*Exercise aim:*
Look for the line that has "real) \<Rightarrow> real" in the material below; please repeat it and every line after it, exactly, up to and including the line that has "(\<forall>R :: nat", and nothing else.

*Dataset excerpts:*
(* Let $(T_i,x_i)_{i=1}^\infty$ be a sequence of trees, each with a chosen base vertex $x_i$. Then the restricted product $\times_{i=1}^\infty T_i$ has asymptotic property C.
   Context: A tree is a connected acyclic graph, regarded as a metric space on its vertex set with the shortest path metric. Given a sequence of pointed metric spaces $(X_i,x_i)_{i\ge1}$, the restricted product $\times_{i=1}^\infty X_i$ is the set of sequences $(a_i)_{i\ge1}$ with $a_i\in X_i$ for all $i$ and $a_i=x_i$ for all but finitely many $i$, equipped with the metric $d((a_i),(b_i))=\sum_{i=1}^\infty i\cdot d(a_i,b_i)$. For $R>0$, a family $\mathcal U$ of nonempty subsets of a metric space is $R$-disjoint if $d(A,B)>R$ for all distinct $A,B\in\mathcal U$, where $d(A,B)=\inf\{d(a,b):a\in A,b\in B\}$; it is uniformly bounded if $\sup\{\operatorname{diam}U:U\in\mathcal U\}<\infty$. A metric space $X$ has asymptotic property C if for every sequence $R_0\le R_1\le R_2\le\cdots$ of positive reals there exist $n\ge0$ and uniformly bounded $R_i$-disjoint families $\mathcal U_i$ ($i=0,\dots,n$) of subsets of $X$ such that $\bigcup_{i=0}^n\mathcal U_i$ covers $X$. *)

theory Defs
  imports "HOL-Analysis.Analysis"
begin

definition simple_graph :: "'a set \<Rightarrow> ('a \<Rightarrow> 'a \<Rightarrow> bool) \<Rightarrow> bool" where
  "simple_graph V E \<longleftrightarrow> (\<forall>u v. E u v \<longrightarrow> u \<in> V \<and> v \<in> V \<and> E v u \<and> u \<noteq> v)"

definition walk :: "'a set \<Rightarrow> ('a \<Rightarrow> 'a \<Rightarrow> bool) \<Rightarrow> 'a list \<Rightarrow> bool" where
  "walk V E p \<longleftrightarrow> p \<noteq> [] \<and> set p \<subseteq> V \<and> (\<forall>k. Suc k < length p \<longrightarrow> E (p ! k) (p ! Suc k))"

definition graph_connected :: "'a set \<Rightarrow> ('a \<Rightarrow> 'a \<Rightarrow> bool) \<Rightarrow> bool" where
  "graph_connected V E \<longleftrightarrow>
     (\<forall>u\<in>V. \<forall>v\<in>V. \<exists>p. walk V E p \<and> hd p = u \<and> last p = v)"

text \<open>A cycle: closed walk v0,...,vn=v0 with n \<ge> 3 and v1,...,vn distinct.\<close>
definition graph_acyclic :: "'a set \<Rightarrow> ('a \<Rightarrow> 'a \<Rightarrow> bool) \<Rightarrow> bool" where
  "graph_acyclic V E \<longleftrightarrow>
     \<not> (\<exists>p. walk V E p \<and> length p \<ge> 4 \<and> hd p = last p \<and> distinct (tl p))"

definition is_tree :: "'a set \<Rightarrow> ('a \<Rightarrow> 'a \<Rightarrow> bool) \<Rightarrow> bool" where
  "is_tree V E \<longleftrightarrow> simple_graph V E \<and> graph_connected V E \<and> graph_acyclic V E"

definition graph_dist :: "'a set \<Rightarrow> ('a \<Rightarrow> 'a \<Rightarrow> bool) \<Rightarrow> 'a \<Rightarrow> 'a \<Rightarrow> nat" where
  "graph_dist V E u v =
     (LEAST n. \<exists>p. walk V E p \<and> hd p = u \<and> last p = v \<and> length p = Suc n)"

text \<open>Restricted product of pointed spaces; factors indexed by 0,1,2,...
  (factor k here is factor k+1 of the paper), so the weight is Suc k.\<close>
definition restricted_product :: "(nat \<Rightarrow> 'a set) \<Rightarrow> (nat \<Rightarrow> 'a) \<Rightarrow> (nat \<Rightarrow> 'a) set" where
  "restricted_product V x =
     {a. (\<forall>i. a i \<in> V i) \<and> finite {i. a i \<noteq> x i}}"

definition restricted_product_dist ::
  "(nat \<Rightarrow> 'a set) \<Rightarrow> (nat \<Rightarrow> 'a \<Rightarrow> 'a \<Rightarrow> bool) \<Rightarrow> (nat \<Rightarrow> 'a) \<Rightarrow> (nat \<Rightarrow> 'a) \<Rightarrow> real" where
  "restricted_product_dist V E a b =
     (\<Sum>i. real (Suc i) * real (graph_dist (V i) (E i) (a i) (b i)))"

definition set_distance :: "('b \<Rightarrow> 'b \<Rightarrow> real) \<Rightarrow> 'b set \<Rightarrow> 'b set \<Rightarrow> real" where
  "set_distance d A B = (INF p \<in> A \<times> B. d (fst p) (snd p))"

definition R_disjoint :: "('b \<Rightarrow> 'b \<Rightarrow> real) \<Rightarrow> real \<Rightarrow> 'b set set \<Rightarrow> bool" where
  "R_disjoint d R \<U> \<longleftrightarrow> (\<forall>A\<in>\<U>. \<forall>B\<in>\<U>. A \<noteq> B \<longrightarrow> set_distance d A B > R)"

definition uniformly_bounded :: "('b \<Rightarrow> 'b \<Rightarrow> real) \<Rightarrow> 'b set set \<Rightarrow> bool" where
  "uniformly_bounded d \<U> \<longleftrightarrow> (\<exists>M. \<forall>U\<in>\<U>. \<forall>a\<in>U. \<forall>b\<in>U. d a b \<le> M)"

definition asymptotic_property_C :: "'b set \<Rightarrow> ('b \<Rightarrow> 'b \<Rightarrow> real) \<Rightarrow> bool" where
  "asymptotic_property_C X d \<longleftrightarrow>
     (\<forall>R :: nat \<Rightarrow> real. (\<forall>i. R i > 0) \<and> mono R \<longrightarrow>
        (\<exists>n \<U>. (\<forall>i\<le>n. (\<forall>A\<in>\<U> i. A \<noteq> {} \<and> A \<subseteq> X)
                      \<and> uniformly_bounded d (\<U> i) \<and> R_disjoint d (R i) (\<U> i))
              \<and> X \<subseteq> (\<Union>i\<le>n. \<Union>(\<U> i))))"

end

theory Submission
  imports Defs "HOL-Library.Nat_Bijection"
begin

text \<open>
  Let \<open>m = \<lfloor>R\<^sub>0\<rfloor>\<close>, \<open>n = 2\<^sup>m - 1\<close> and \<open>L = \<lceil>R\<^sub>n\<rceil>\<close>. Points are grouped into cells by a key
  that records, for every coordinate \<open>i\<close>, the ancestor of \<open>a\<^sub>i\<close> about \<open>L / (2i + 2)\<close> levels below a
  rounded-down depth of \<open>a\<^sub>i\<close>. Points with equal keys are close in every coordinate and agree
  beyond coordinate \<open>L\<close>, so cells are bounded; different ancestors force a geodesic to descend,
  which costs more than \<open>L\<close> because coordinate \<open>i\<close> carries weight \<open>i + 1\<close>. Rounding depths is
  harmless for \<open>i \<ge> m\<close>, where any change of a coordinate already costs more than \<open>R\<^sub>0\<close>. The
  first \<open>m\<close> depths are rounded to multiples of a large \<open>K\<close> only after adding a shift that encodes
  the depths of coordinates \<open>m, \<dots>, L - 1\<close> in base \<open>2L + 1\<close>; the colour of a cell is the set of
  \<open>k < m\<close> whose shifted depth lies near the bottom of its block. Cells of equal colour are more
  than \<open>R\<^sub>0\<close> apart, and more than \<open>L \<ge> R\<^sub>t\<close> apart when the colour is nonempty, since then a small
  change of the deep coordinates moves the shift enough to change the \<open>k\<close>-th depth by more
  than \<open>L\<close>. The \<open>2\<^sup>m\<close> colours give the families \<open>\<U>\<^sub>0, \<dots>, \<U>\<^sub>n\<close>.
\<close>

section \<open>Walks\<close>

lemma walk_singleton: "u \<in> V \<Longrightarrow> walk V E [u]"
  by (simp add: walk_def)

lemma walk_append:
  assumes "walk V E p" "walk V E q" "last p = hd q"
  shows "walk V E (p @ tl q)"
proof -
  have pq: "p \<noteq> []" "q \<noteq> []" using assms by (auto simp: walk_def)
  have "set (p @ tl q) \<subseteq> V" using assms pq by (auto simp: walk_def dest: list.set_sel(2))
  moreover have "E ((p @ tl q) ! k) ((p @ tl q) ! Suc k)" if k: "Suc k < length (p @ tl q)" for k
  proof (cases "Suc k < length p")
    case True then show ?thesis using assms(1) by (simp add: walk_def nth_append)
  next
    case False
    show ?thesis
    proof (cases "k < length p")
      case True
      then have "k = length p - 1" using False by simp
      then have "(p @ tl q) ! k = q ! 0" "(p @ tl q) ! Suc k = q ! 1" "1 < length q"
        using pq assms(3) k by (simp_all add: nth_append last_conv_nth hd_conv_nth nth_tl)
      then show ?thesis using assms(2) by (simp add: walk_def)
    next
      case False
      have b: "Suc (Suc (k - length p)) < length q" using k False pq by simp
      then have "(p @ tl q) ! k = q ! (Suc (k - length p))"
          "(p @ tl q) ! Suc k = q ! Suc (Suc (k - length p))"
        using pq False by (auto simp: nth_append nth_tl Suc_diff_le)
      with b show ?thesis using assms(2) by (simp add: walk_def)
    qed
  qed
  ultimately show ?thesis using pq by (simp add: walk_def)
qed

lemma last_append_tl:
  "p \<noteq> [] \<Longrightarrow> q \<noteq> [] \<Longrightarrow> last p = hd q \<Longrightarrow> last (p @ tl q) = last q"
  by (cases q) auto

lemma walk_take: "walk V E p \<Longrightarrow> 0 < k \<Longrightarrow> walk V E (take k p)"
  by (auto simp: walk_def dest: in_set_takeD)

lemma walk_drop: "walk V E p \<Longrightarrow> k < length p \<Longrightarrow> walk V E (drop k p)"
  by (auto simp: walk_def dest: in_set_dropD)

*Output for this exercise:*
definition R_disjoint :: "('b \<Rightarrow> 'b \<Rightarrow> real) \<Rightarrow> real \<Rightarrow> 'b set set \<Rightarrow> bool" where
  "R_disjoint d R \<U> \<longleftrightarrow> (\<forall>A\<in>\<U>. \<forall>B\<in>\<U>. A \<noteq> B \<longrightarrow> set_distance d A B > R)"

definition uniformly_bounded :: "('b \<Rightarrow> 'b \<Rightarrow> real) \<Rightarrow> 'b set set \<Rightarrow> bool" where
  "uniformly_bounded d \<U> \<longleftrightarrow> (\<exists>M. \<forall>U\<in>\<U>. \<forall>a\<in>U. \<forall>b\<in>U. d a b \<le> M)"

definition asymptotic_property_C :: "'b set \<Rightarrow> ('b \<Rightarrow> 'b \<Rightarrow> real) \<Rightarrow> bool" where
  "asymptotic_property_C X d \<longleftrightarrow>
     (\<forall>R :: nat \<Rightarrow> real. (\<forall>i. R i > 0) \<and> mono R \<longrightarrow>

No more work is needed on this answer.